Marsha, Marsha, Marsha. Or, how many moms you got?

"Life gives you lots of mothers."

It's true. I'm blessed with an amazing "real" mom. But I've been guided and comforted by many other moms, too.

There was Debby, the woman I worked with in college, who drove me home - completely out of her way - when it was really cold. And Mylene, the coworker at my first job in a big city, who took me under her wing - and then freakin' helped me move out of a very bad situation. And Lynn, who took one look at me and knew I could use a funny and kind friend. All such important mothers.

Growing up, I had Marsha. She was BFF's mom, and her house was always open. She and her husband were the kind of folks who never carpeted their family room, so the kids could hang out there and not have any worries.

Marsha had a huge laugh and was always going off on an adventure. She biked across Iowa and then around the Netherlands three times. She broke her wrist learning how to rollerblade when she was … a lot older than I am now.

Marsha passed away a few weeks ago.

It wasn't unexpected, and it was in many ways a relief. Alzheimer's is the worst, worst, worst.

I was so focused on being present and strong for BFF. We cleaned out her mom's room at the care center. We joked about all the casseroles and all the folks stopping by the house.

Our posse did shots in the bathroom of the funeral home.

We climbed to the top of the rocket slide in the city park late at night, still dressed up from the visitation.


We looked like adults even if we were scared kids.

It was OK.

And then the morning of the funeral, as a dear friend and I were walking towards the church? I saw the hearse. And I turned away and said, "Hold on - I need to stand here and lose my shit."

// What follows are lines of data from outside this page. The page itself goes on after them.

text \<open>Points at mutual distance at least d h within distance M h of a centre
  lie in distinct cubes of side h of a grid of (2M+1)^d cubes.\<close>

lemma card_separated_in_ball_le:
  fixes S :: "'a::euclidean_space set"
  assumes "h > 0" and ball: "\<And>u. u \<in> S \<Longrightarrow> norm (u - v) \<le> real M * h"
    and sep: "\<And>u w. u \<in> S \<Longrightarrow> w \<in> S \<Longrightarrow> u \<noteq> w \<Longrightarrow> real DIM('a) * h \<le> dist u w"
  shows "card S \<le> (2 * M + 1) ^ DIM('a)"
proof -
  define g where "g u = restrict (\<lambda>i. \<lfloor>((u - v) \<bullet> i) / h\<rfloor>) Basis" for u
  have "inj_on g S"
  proof (rule inj_onI, rule ccontr)
    fix u w assume u: "u \<in> S" and w: "w \<in> S" and eq: "g u = g w" and "u \<noteq> w"
    have "\<bar>(u - w) \<bullet> i\<bar> < h" if "i \<in> Basis" for i
    proof -
      have "\<lfloor>((u - v) \<bullet> i) / h\<rfloor> = \<lfloor>((w - v) \<bullet> i) / h\<rfloor>"
        using fun_cong[OF eq, of i] that by (simp add: g_def)
      from floor_eq_imp_abs_diff_less[OF this \<open>h > 0\<close>] show ?thesis
        by (simp add: inner_diff_left)
    qed
    then have "norm (u - w) < real DIM('a) * h" by (rule norm_less_of_Basis_less)
    with sep[OF u w \<open>u \<noteq> w\<close>] show False by (simp add: dist_norm)
  qed
  moreover have "g ` S \<subseteq> PiE Basis (\<lambda>i. {0 - int M .. 0 + int M})"
  proof -
    have "\<lfloor>((u - v) \<bullet> i) / h\<rfloor> \<in> {- int M .. int M}" if "u \<in> S" "i \<in> Basis" for u i
      using floor_divide_in_box[OF order_trans[OF Basis_le_norm ball] \<open>h > 0\<close>] that by blast
    then show ?thesis unfolding g_def by (auto simp: PiE_iff)
  qed
  moreover have "finite (PiE (Basis::'a set) (\<lambda>i. {0 - int M .. 0 + int M}))"
    by (simp add: finite_PiE)
  ultimately have "card S \<le> card (PiE (Basis::'a set) (\<lambda>i. {0 - int M .. 0 + int M}))"
    by (rule card_inj_on_le)
  then show ?thesis using card_PiE_Basis_box[where a = "\<lambda>_. 0" and 'a = 'a] by simp
qed

section \<open>The degree bound\<close>

definition pow2 :: "int \<Rightarrow> real" where
  "pow2 j = 2 powr real_of_int j"

lemma pow2_pos [simp]: "pow2 j > 0"
  by (simp add: pow2_def)

lemma pow2_plus_one: "pow2 (j + 1) = 2 * pow2 j"
  by (simp add: pow2_def powr_add)

lemma pow2_mono: "j \<le> k \<Longrightarrow> pow2 j \<le> pow2 k"
  by (simp add: pow2_def)

lemma pow2_of_nat [simp]: "pow2 (int n) = 2 ^ n"
  by (simp add: pow2_def powr_realpow)

lemma pow2_floor_log:
  assumes "t > 0"
  shows "pow2 \<lfloor>log 2 t\<rfloor> \<le> t" "t < 2 * pow2 \<lfloor>log 2 t\<rfloor>"
proof -
  have t: "t = 2 powr log 2 t" using assms by simp
  have "pow2 \<lfloor>log 2 t\<rfloor> \<le> 2 powr log 2 t" unfolding pow2_def by (intro powr_mono) auto
  then show "pow2 \<lfloor>log 2 t\<rfloor> \<le> t" using t by simp
  have "2 powr log 2 t < 2 powr (real_of_int \<lfloor>log 2 t\<rfloor> + 1)" by (intro powr_less_mono) linarith+
  then show "t < 2 * pow2 \<lfloor>log 2 t\<rfloor>" using t by (simp add: pow2_def powr_add)
qed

They were going to take Marsha away. I'd seen her. I knew she was gone. But a hearse? A hearse made it real. So I stood on a sidewalk and made guttural noises into a dainty handkerchief.

We all need a mom, and I have been fortunate to have many good ones.

At the funeral luncheon in the church basement, I sat with BFF's brother. We hadn't seen each other in at least 15 years. He said he was surprised to learn I didn't have kids.

"Well, things didn't turn out the way I planned," I said. And then some spirit took over my body and I continued, "But this way I get to focus on being the best aunt. And we all have many mothers, and I get to be a surrogate mom to the people around me. Like your mom was for me."

Yes. Just like that.

I promise to pay it forward, Marsha. Thank you.